Life-List is a meditation on memory, love, and grief organized through the language of birding. From a fluttering first kiss to the frantic flapping of the last captive passenger pigeon on Earth looking for her mate, Life-List explores the relation of the individual to her incessantly disappearing habitat.
“we have lost something in the translation / of time into language,” Jessica Smith writes in this lovely book of experimental poems Life-List. But breaking open the words, she enables “that which would kill you” to burst into flowers, creating the space—of breath, of spirit, of imagination—to let the birds in this book of birds fly through.

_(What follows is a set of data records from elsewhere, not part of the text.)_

(* Consider the multi-sender unicast index-coding instance with $N=4$ messages, $K=2$ senders with $\mathcal S_1=\{1,2,3\}$, $\mathcal S_2=\{2,3,4\}$, link capacities $C_1=C_2=1$, and receiver side information $\mathcal A_1=\{4\}$, $\mathcal A_2=\{1,3\}$, $\mathcal A_3=\{1,2\}$, $\mathcal A_4=\{2,3\}$. Its capacity region is $$\mathcal C=\{(R_1,R_2,R_3,R_4)\in\mathbb R_+^4: R_1\le1,\ R_4\le1,\ R_1+R_2\le2,\ R_1+R_3\le2,\ R_2+R_4\le2,\ R_3+R_4\le2\}.$$
   Context: Model. $N$ independent messages $M_1,\dots,M_N$, $M_j$ uniform on $[1:2^{nR_j}]$ ($n$ the block length). Sender $k$ knows the messages $M_i$, $i\in\mathcal S_k$, and sends an index $L_k=f_k((M_i)_{i\in\mathcal S_k})\in[1:2^{nC_k})=\{1,\dots,2^{\lfloor nC_k\rfloor}\}$ over a noiseless broadcast link reaching all receivers. Receiver $j$ knows $M_i$, $i\in\mathcal A_j$, and must output an estimate $\hat M_j=g_j(L_1,\dots,L_K,(M_i)_{i\in\mathcal A_j})$ of $M_j$. A rate tuple is achievable if there exist such codes with $\Pr[(\hat M_1,\dots,\hat M_N)\ne(M_1,\dots,M_N)]\to0$ as $n\to\infty$; the capacity region $\mathcal C$ is the closure of the set of achievable rate tuples. *)

theory Defs
  imports "HOL-Analysis.Analysis"
begin

text \<open>Messages are indexed by 1..N, senders by 1..K.  A message tuple is a function
  m :: nat \<Rightarrow> nat (only the values on 1..N matter; we use extensional tuples).\<close>

text \<open>Message set of message j at block length n: [1:2^(n R_j)], read as {1..ceil(2^(n R_j))}.\<close>
definition msg_size :: "nat \<Rightarrow> real \<Rightarrow> nat" where
  "msg_size n r = nat \<lceil>2 powr (real n * r)\<rceil>"
(* Let $\alpha\in[0,1)$, $c_{\mathrm{TX}}>0$, $\phi>0$, $\theta=\phi/c_{\mathrm{TX}}$, integers $N_S\geq B\geq1$, and let $\lambda_j^*$ ($j\geq 0$), $\bar M_{MP}^{\lambda,p_0}$ and $\bar C_{MP}^{\lambda,p_0}$ be as defined in the context. Let $$\mathcal L=\bigcup_{j\geq 1}\left[\{(\lambda,1):\lambda\in(\lambda_{j-1}^*,\lambda_j^* )\}\cup\{(\lambda_j^*,p_0):p_0\in[0,1]\}\right],$$ ordered by: $(\lambda^{(1)},p_0^{(1)})\succ(\lambda^{(2)},p_0^{(2)})$ iff either $\lambda^{(1)}>\lambda^{(2)}$, or $\lambda^{(1)}=\lambda^{(2)}$ and $p_0^{(1)}<p_0^{(2)}$. Then: (i) the map $(\lambda,p_0)\mapsto(\bar C_{MP}^{\lambda,p_0},\bar M_{MP}^{\lambda,p_0})$ is continuous on $\mathcal L$ (with the order topology of $\succ$), i.e. for each $j\geq1$ it is continuous in $\lambda\in(\lambda_{j-1}^*,\lambda_j^* )$ (with $p_0=1$) and in $p_0\in[0,1]$ (with $\lambda=\lambda_j^*$), its limit as $\lambda\uparrow\lambda_j^*$ equals its value at $(\lambda_j^*,1)$, and its limit as $\lambda\downarrow\lambda_j^*$ equals its value at $(\lambda_j^*,0)$; (ii) for all $(\lambda^{(1)},p_0^{(1)}),(\lambda^{(2)},p_0^{(2)})\in\mathcal L$ with $(\lambda^{(1)},p_0^{(1)})\succ(\lambda^{(2)},p_0^{(2)})$, $$\bar C_{MP}^{\lambda^{(1)},p_0^{(1)}}<\bar C_{MP}^{\lambda^{(2)},p_0^{(2)}}\quad\text{and}\quad \bar M_{MP}^{\lambda^{(1)},p_0^{(1)}}>\bar M_{MP}^{\lambda^{(2)},p_0^{(2)}}.$$
   Context: Let $\lambda_{\mathrm{th}}=(1+\sqrt{\theta})^{-2}$, $v_{\mathrm{th}}(\lambda,0)=\sqrt{\lambda\theta}+\frac{\lambda}{2}+\sqrt{\lambda}\sqrt{\sqrt{\lambda\theta}+\frac{\lambda}{4}}$, $\eta_j(\lambda)=1-\alpha^{j}(1-\sqrt{\lambda\theta})-v_{\mathrm{th}}(\lambda,0)$ for $j\geq 0$, and $\lambda_j^*$ the unique solution in $[0,\lambda_{\mathrm{th}}]$ of $\eta_j(\lambda)=0$. For $\lambda\in(0,\lambda_{\mathrm{th}})$, $p_0\in[0,1]$, consider the process $V_0=1$ and for $k\geq0$: if $V_k>v_{\mathrm{th}}(\lambda,0)$ set $t_k=1$, $S_{M,k}=\frac{1}{\sqrt{\lambda\theta}}-\frac{1}{V_k}$; if $V_k<v_{\mathrm{th}}(\lambda,0)$ set $t_k=S_{M,k}=0$; if $V_k=v_{\mathrm{th}}(\lambda,0)$ set $t_k=1$, $S_{M,k}=\frac{1}{\sqrt{\lambda\theta}}-\frac{1}{V_k}$ with probability $p_0$ (independently over time) and $t_k=S_{M,k}=0$ otherwise; then $\hat V_k=\frac{V_k}{1+V_kt_kS_{M,k}}$, $V_{k+1}=1-\alpha(1-\hat V_k)$. Define $\bar M_{MP}^{\lambda,p_0}=\lim_{T\to\infty}\mathbb E[\frac{1}{T+1}\sum_{k=0}^T\hat V_k]$ (average MSE) and $\bar C_{MP}^{\lambda,p_0}=\lim_{T\to\infty}\mathbb E[\frac{1}{T+1}\sum_{k=0}^T\frac{1}{N_S}t_k(c_{\mathrm{TX}}+\phi S_{M,k})]$ (average per-sensor sensing-transmission cost). This is the myopic policy of a coordinated sensing scheme with infinite ambient SNR, tracking $X_{k+1}=\sqrt\alpha X_k+Z_k$ with unit stationary variance. *)

theory Defs
  imports "HOL-Probability.Probability"
begin

text \<open>Threshold quantities; theta = phi / c_TX is passed as the parameter th.\<close>

definition lam_th :: "real \<Rightarrow> real" where
  "lam_th th = 1 / (1 + sqrt th)^2"

definition v_th :: "real \<Rightarrow> real \<Rightarrow> real" where
  "v_th th lam = sqrt (lam * th) + lam / 2 + sqrt lam * sqrt (sqrt (lam * th) + lam / 4)"

definition eta :: "real \<Rightarrow> real \<Rightarrow> nat \<Rightarrow> real \<Rightarrow> real" where
  "eta \<alpha> th j lam = 1 - \<alpha> ^ j * (1 - sqrt (lam * th)) - v_th th lam"

definition lam_star :: "real \<Rightarrow> real \<Rightarrow> nat \<Rightarrow> real" where
  "lam_star \<alpha> th j = (THE lam. lam \<in> {0..lam_th th} \<and> eta \<alpha> th j lam = 0)"

definition tx_decision :: "real \<Rightarrow> real \<Rightarrow> real \<Rightarrow> real \<Rightarrow> bool pmf" where
  "tx_decision th lam p0 v =
     (if v > v_th th lam then return_pmf True
      else if v < v_th th lam then return_pmf False
      else bernoulli_pmf p0)"

definition t_ind :: "bool \<Rightarrow> real" where
  "t_ind t = (if t then 1 else 0)"

definition S_M :: "real \<Rightarrow> real \<Rightarrow> real \<Rightarrow> bool \<Rightarrow> real" where
  "S_M th lam v t = (if t then 1 / sqrt (lam * th) - 1 / v else 0)"

definition V_hat :: "real \<Rightarrow> real \<Rightarrow> real \<Rightarrow> bool \<Rightarrow> real" where
  "V_hat th lam v t = v / (1 + v * t_ind t * S_M th lam v t)"

text \<open>Distribution of the trajectory prefix [(V_0,t_0),...,(V_T,t_T)].\<close>

primrec mp_traj :: "real \<Rightarrow> real \<Rightarrow> real \<Rightarrow> real \<Rightarrow> nat \<Rightarrow> (real \<times> bool) list pmf" where
  "mp_traj \<alpha> th lam p0 0 = map_pmf (\<lambda>b. [(1, b)]) (tx_decision th lam p0 1)"
| "mp_traj \<alpha> th lam p0 (Suc n) =
     bind_pmf (mp_traj \<alpha> th lam p0 n)
       (\<lambda>xs. let v' = 1 - \<alpha> * (1 - V_hat th lam (fst (last xs)) (snd (last xs)))
             in map_pmf (\<lambda>b. xs @ [(v', b)]) (tx_decision th lam p0 v'))"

Ann Fisher-Wirth, author of Dream Cabinet, Carta Marina
Dinosaurs did not go extinct. Approximately 10,000 extant species of birds appear to be descended from a subgroup of theropods, a heritage that includes our childhood idol T Rex as well as the bee hummingbird. Birders know the richness of heeding their presence & variety, the divination of alectryomancy, the creation of life-lists. Any reader who heeds the n apart from hero in heron will recognize how birds articulate space & vice versa, how a life looking outward can be invested with our deepest interiors. The Brain, a very smart woman once wrote, is wider than the sky.

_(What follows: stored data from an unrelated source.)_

(* Let $\mathbf{w}$ be a Sturmian word over $\{0,1\}$ and $k \in \mathbb{N}$. (1) Let $\mathbf{u} = \varphi_b^k(\mathbf{w})$. Then $0^k$ is a bispecial prefix of $\mathbf{u}$ and $\mathbf{d}_{\mathbf{u}}(0^k) = \mathbf{w}$ (up to a permutation of letters). (2) If $1\mathbf{w}$ is a Sturmian word, then $\varphi_a^k(1\mathbf{w}) = 1\varphi_b^k(\mathbf{w})$.
   Context: The morphisms on $\{0,1\}^*$ are $\varphi_a: 0 \mapsto 0, 1 \mapsto 10$ and $\varphi_b: 0 \mapsto 0, 1 \mapsto 01$, extended to infinite words letterwise. A Sturmian word is an infinite binary word having exactly $n+1$ factors of length $n$ for every $n$. A factor $v$ of $\mathbf{u}$ is right (left) special if $va, vb$ (resp. $av, bv$) are factors for two distinct letters $a \ne b$; bispecial if both. Derived word: for a uniformly recurrent word $\mathbf{u}$ and a factor $v$, a return word of $v$ is a factor $r$ such that $rv$ is a factor of $\mathbf{u}$ in which $v$ occurs exactly twice, as a prefix and as a suffix. If $r_0, \dots, r_k$ are all the return words of $v$, write $\mathbf{u} = p\, r_{s_0} r_{s_1} r_{s_2}\cdots$ where $|p|$ is the first occurrence of $v$ in $\mathbf{u}$; then $\mathbf{d}_{\mathbf{u}}(v) = s_0 s_1 s_2 \cdots$. Derived words are considered up to a permutation of letters; the derived word to the empty word is $\mathbf{u}$ itself. *)

theory Defs
  imports Main "HOL-Library.Infinite_Set"
begin

definition fac :: "(nat \<Rightarrow> 'a) \<Rightarrow> nat \<Rightarrow> nat \<Rightarrow> 'a list" where
  "fac u i n = map u [i..<i+n]"

definition is_factor :: "'a list \<Rightarrow> (nat \<Rightarrow> 'a) \<Rightarrow> bool" where
  "is_factor v u \<longleftrightarrow> (\<exists>i. fac u i (length v) = v)"

definition sturmian :: "(nat \<Rightarrow> nat) \<Rightarrow> bool" where
  "sturmian u \<longleftrightarrow> range u \<subseteq> {0, 1} \<and>
     (\<forall>n. card {v. is_factor v u \<and> length v = n} = n + 1)"
(* Let $n,m,k$ be nonnegative integers with $m\le n$ and $k\ge 1$. If $p$ is a prime with $p>3$, then $$\binom{np^k}{mp^k}\equiv \binom{np^{\lfloor (k-1)/3\rfloor}}{mp^{\lfloor (k-1)/3\rfloor}}\pmod{p^k}.$$ Furthermore, $$\binom{n\cdot 2^k}{m\cdot 2^k}\equiv \binom{n\cdot 2^{\lfloor k/2\rfloor}}{m\cdot 2^{\lfloor k/2\rfloor}}\pmod{2^k}\quad\text{and}\quad \binom{n\cdot 3^k}{m\cdot 3^k}\equiv \binom{n\cdot 3^{\lfloor (k-1)/2\rfloor}}{m\cdot 3^{\lfloor (k-1)/2\rfloor}}\pmod{3^k}.$$
   Context: $\lfloor a\rfloor$ denotes the greatest integer less than or equal to $a$. *)

theory Defs
  imports "HOL-Number_Theory.Number_Theory"
begin

end

theory Submission
  imports Defs
begin

text \<open>Let \<open>q = p\<^sup>s = p q'\<close>. Splitting off the multiples of \<open>p\<close> writes \<open>(q x)!\<close> as
  \<open>p\<^bsup>q' x\<^esup> (q' x)!\<close> times the product of the units up to \<open>q x\<close>, and that product consists of
  the \<open>x\<close> blocks \<open>f (c q) = \<Prod> (c q + j)\<close>, \<open>j\<close> ranging over the units up to \<open>q\<close>. Hence
  \<open>(q x choose q y) \<equiv> (q' x choose q' y)\<close> modulo every power of \<open>p\<close> modulo which all blocks
  agree with \<open>f 0\<close>. They do modulo \<open>q\<close> trivially. Pairing \<open>j\<close> with \<open>q - j\<close> gives
  \<open>f (c q) = \<Prod> (c (c + 1) q\<^sup>2 + j (q - j))\<close>, so they agree modulo \<open>q\<^sup>2\<close> unless \<open>q / 2\<close> is a
  unit, and modulo \<open>q\<^sup>3\<close> if moreover \<open>q\<close> divides the linear coefficient
  \<open>\<Sum>\<^sub>j \<Prod>\<^sub>i\<^sub>\<noteq>\<^sub>j i (q - i)\<close>. For \<open>p > 3\<close> that coefficient is, modulo \<open>q\<close>, a unit times
  \<open>\<Sum> j\<^sup>-\<^sup>2 = \<Sum> j\<^sup>2 \<equiv> 0\<close>. Descending one power of \<open>p\<close> at a time from \<open>k\<close> gives the three
  congruences.\<close>

definition coprime_upto :: "nat \<Rightarrow> nat \<Rightarrow> nat set" where
  "coprime_upto p N = {j \<in> {1..N}. \<not> p dvd j}"

definition pfree_fact :: "nat \<Rightarrow> nat \<Rightarrow> nat" where
  "pfree_fact p N = \<Prod>(coprime_upto p N)"

definition block_prod :: "nat \<Rightarrow> nat \<Rightarrow> nat \<Rightarrow> nat" where
  "block_prod p q t = (\<Prod>j\<in>coprime_upto p q. t + j)"

definition lower_half :: "nat \<Rightarrow> nat \<Rightarrow> nat set" where
  "lower_half p q = {j \<in> coprime_upto p q. 2 * j < q}"

lemma finite_coprime_upto [simp]: "finite (coprime_upto p N)"
  by (simp add: coprime_upto_def)

lemma finite_lower_half [simp]: "finite (lower_half p q)"
  by (simp add: lower_half_def)

lemma lower_half_le: "j \<in> lower_half p q \<Longrightarrow> j \<le> q"
  by (simp add: lower_half_def coprime_upto_def)

lemma coprime_upto_Suc:
  "coprime_upto p (Suc N) = (if p dvd Suc N then coprime_upto p N else insert (Suc N) (coprime_upto p N))"
  by (auto simp: coprime_upto_def le_Suc_eq)

lemma fact_eq_pfree_fact:
  assumes "p > 0"
  shows "fact N = p ^ (N div p) * fact (N div p) * pfree_fact p N"
proof (induction N)
  case 0
  then show ?case by (simp add: pfree_fact_def coprime_upto_def)
next
  case (Suc N)
  show ?case
  proof (cases "p dvd Suc N")
    case True
    then have Suc_div: "Suc N div p = Suc (N div p)"
      using assms by (simp add: div_Suc dvd_eq_mod_eq_0)
    then have "Suc N = p * Suc (N div p)"
      using True by (metis dvd_mult_div_cancel)
    then have "fact (Suc N) = p * Suc (N div p) * (p ^ (N div p) * fact (N div p) * pfree_fact p N)"
      using Suc by (metis fact_Suc of_nat_id)
    then show ?thesis
      using True by (simp add: Suc_div pfree_fact_def coprime_upto_Suc algebra_simps)
  next
    case False
    then have "Suc N div p = N div p"
      using assms by (simp add: div_Suc dvd_eq_mod_eq_0)
    moreover have "Suc N \<notin> coprime_upto p N"
      by (simp add: coprime_upto_def)
    then have "pfree_fact p (Suc N) = Suc N * pfree_fact p N"
      using False by (simp add: pfree_fact_def coprime_upto_Suc)
    ultimately show ?thesis
      using Suc by (simp add: algebra_simps)
  qed
qed

lemma pfree_fact_add:
  assumes "p dvd N"
  shows "pfree_fact p (N + q) = pfree_fact p N * block_prod p q N"
proof -
  have units_split: "coprime_upto p (N + q) = coprime_upto p N \<union> (\<lambda>i. N + i) ` coprime_upto p q"
  proof (intro equalityI subsetI)
    fix j assume j: "j \<in> coprime_upto p (N + q)"
    show "j \<in> coprime_upto p N \<union> (\<lambda>i. N + i) ` coprime_upto p q"
    proof (cases "j \<le> N")
      case False
      then have "j - N \<in> coprime_upto p q"
        using j assms by (auto simp: coprime_upto_def) (metis dvd_add le_add_diff_inverse nat_le_linear)
      then show ?thesis using False by (auto intro: image_eqI[of j _ "j - N"])
    qed (use j in \<open>auto simp: coprime_upto_def\<close>)
  next
    fix j assume "j \<in> coprime_upto p N \<union> (\<lambda>i. N + i) ` coprime_upto p q"
    then show "j \<in> coprime_upto p (N + q)"
      using assms by (auto simp: coprime_upto_def dvd_add_right_iff)
  qed
  have "pfree_fact p (N + q) = pfree_fact p N * \<Prod>((\<lambda>i. N + i) ` coprime_upto p q)"
    unfolding pfree_fact_def units_split
    by (rule prod.union_disjoint) (auto simp: coprime_upto_def)
  also have "\<Prod>((\<lambda>i. N + i) ` coprime_upto p q) = block_prod p q N"
    unfolding block_prod_def by (subst prod.reindex) (auto simp: inj_on_def)
  finally show ?thesis .
qed

lemma pfree_fact_mult_cong:
  assumes "p dvd q" and block: "\<And>c. [block_prod p q (c * q) = block_prod p q 0] (mod M)"
  shows "[pfree_fact p (q * x) = block_prod p q 0 ^ x] (mod M)"
proof (induction x)
  case 0
  then show ?case by (simp add: pfree_fact_def coprime_upto_def)
next
  case (Suc x)
  have "pfree_fact p (q * Suc x) = pfree_fact p (q * x) * block_prod p q (x * q)"
    using pfree_fact_add[of p "q * x" q] assms(1) by (simp add: algebra_simps)
  also have "[\<dots> = block_prod p q 0 ^ x * block_prod p q 0] (mod M)"
    by (intro cong_mult Suc block)
  finally show ?case by (simp add: mult.commute)
qed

Ron Silliman, author of Revelator and The Alphabet
Life-List (Chax Press 2015) is about birds and memory–specifically, it’s an homage to the “life-list,” the list that a birdwatcher keeps of all the birds she’s seen and in what context she first saw them. A life list becomes a record of travel, of personal memory, and of shifting avian territories.

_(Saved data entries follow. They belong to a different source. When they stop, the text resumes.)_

lemma deconc_conv_cong:
  assumes "is_comp \<alpha>" "\<And>\<gamma>. is_comp \<gamma> \<Longrightarrow> A \<gamma> = A' \<gamma>" "\<And>\<gamma>. is_comp \<gamma> \<Longrightarrow> B \<gamma> = B' \<gamma>"
  shows "deconc_conv A B \<alpha> = deconc_conv A' B' \<alpha>"
  unfolding deconc_conv_def by (intro sum.cong refl) (simp add: assms is_comp_take is_comp_drop)

lemma deconc_conv_uminus_left: "deconc_conv (\<lambda>\<gamma>. - A \<gamma>) B \<alpha> = - deconc_conv A B \<alpha>"
  unfolding deconc_conv_def by (simp add: sum_negf)

lemma deconc_conv_zero_left: "deconc_conv (\<lambda>\<gamma>. 0) B \<alpha> = 0"
  by (simp add: deconc_conv_def)

lemma deconc_conv_unit_left: "deconc_conv (\<lambda>\<gamma>. if \<gamma> = [] then c else 0) B \<alpha> = c * B \<alpha>"
proof -
  have "deconc_conv (\<lambda>\<gamma>. if \<gamma> = [] then c else 0) B \<alpha> = (\<Sum>i\<le>length \<alpha>. if i = 0 then c * B \<alpha> else 0)"
    unfolding deconc_conv_def by (intro sum.cong) auto
  then show ?thesis by simp
qed

lemma deconc_conv_unit_right: "deconc_conv A (\<lambda>\<gamma>. if \<gamma> = [] then c else 0) \<alpha> = A \<alpha> * c"
proof -
  have "deconc_conv A (\<lambda>\<gamma>. if \<gamma> = [] then c else 0) \<alpha> = (\<Sum>i\<le>length \<alpha>. if i = length \<alpha> then A \<alpha> * c else 0)"
    unfolding deconc_conv_def by (intro sum.cong) auto
  then show ?thesis by simp
qed

lemma deconc_conv_inner_cong:
  assumes "\<alpha> \<noteq> []"
    and "\<And>i. 0 < i \<Longrightarrow> i < length \<alpha> \<Longrightarrow> A (take i \<alpha>) = A' (take i \<alpha>) \<and> B (drop i \<alpha>) = B' (drop i \<alpha>)"
  shows "deconc_conv A B \<alpha> - A [] * B \<alpha> - A \<alpha> * B [] = deconc_conv A' B' \<alpha> - A' [] * B' \<alpha> - A' \<alpha> * B' []"
proof -
  have ends: "{..length \<alpha>} = insert 0 (insert (length \<alpha>) {0<..<length \<alpha>})"
    using assms(1) by auto
  have "deconc_conv C D \<alpha> - C [] * D \<alpha> - C \<alpha> * D [] = (\<Sum>i\<in>{0<..<length \<alpha>}. C (take i \<alpha>) * D (drop i \<alpha>))"
    for C D :: "nat list \<Rightarrow> 'a"
    using assms(1) unfolding deconc_conv_def ends by simp
  moreover have "(\<Sum>i\<in>{0<..<length \<alpha>}. A (take i \<alpha>) * B (drop i \<alpha>)) = (\<Sum>i\<in>{0<..<length \<alpha>}. A' (take i \<alpha>) * B' (drop i \<alpha>))"
    using assms(2) by (intro sum.cong) auto
  ultimately show ?thesis by simp
qed

lemma qsh_Nil2 [simp]: "qsh \<alpha> [] = [\<alpha>]"
  by (cases \<alpha>) auto

lemma qsh_sum_list: "\<gamma> \<in> set (qsh \<alpha> \<beta>) \<Longrightarrow> sum_list \<gamma> = sum_list \<alpha> + sum_list \<beta>"
  by (induction \<alpha> \<beta> arbitrary: \<gamma> rule: qsh.induct) auto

The poems are written in open field/plastic style to disrupt the reader’s attention and make him/her enter them mindfully. If poetry can make us better understand/allow ambiguity and difference in the world, my aesthetic desire is for people to enter their worlds newly, with interest and wonder.
With the title Island of Iridescent Tree, Life-List was a finalist for the 2012 Nightboat Poetry Prize. Life-List is separated into two parts, “Observation” and “Memory.” “Observation” was initially published in 2001 as a chapbook called bird-book (blue moon press, later republished online by Detumescence Press; reviewed at Galatea Resurrects by Steven Fama), and much of “Memory” was published in 2013 as a chapbook titled mnemotechnics (above/ground press). Selections previously appeared in Ferrum Wheel (Issue 1); ixnay (7); name (4/5); Queen Street Quarterly (5.3); knives out (3); serving suggestion (4); Evening May Come; Tarpaulin Sky; N/A Literary Journal (1); Open Letters Monthly (July 2013); Terry Cuddy’s film Transient Views of Western New York (2001); and Monica Karwan, Brett Mastellar and Chelsea Warren’s music/dance environment, musicartmovement (2003).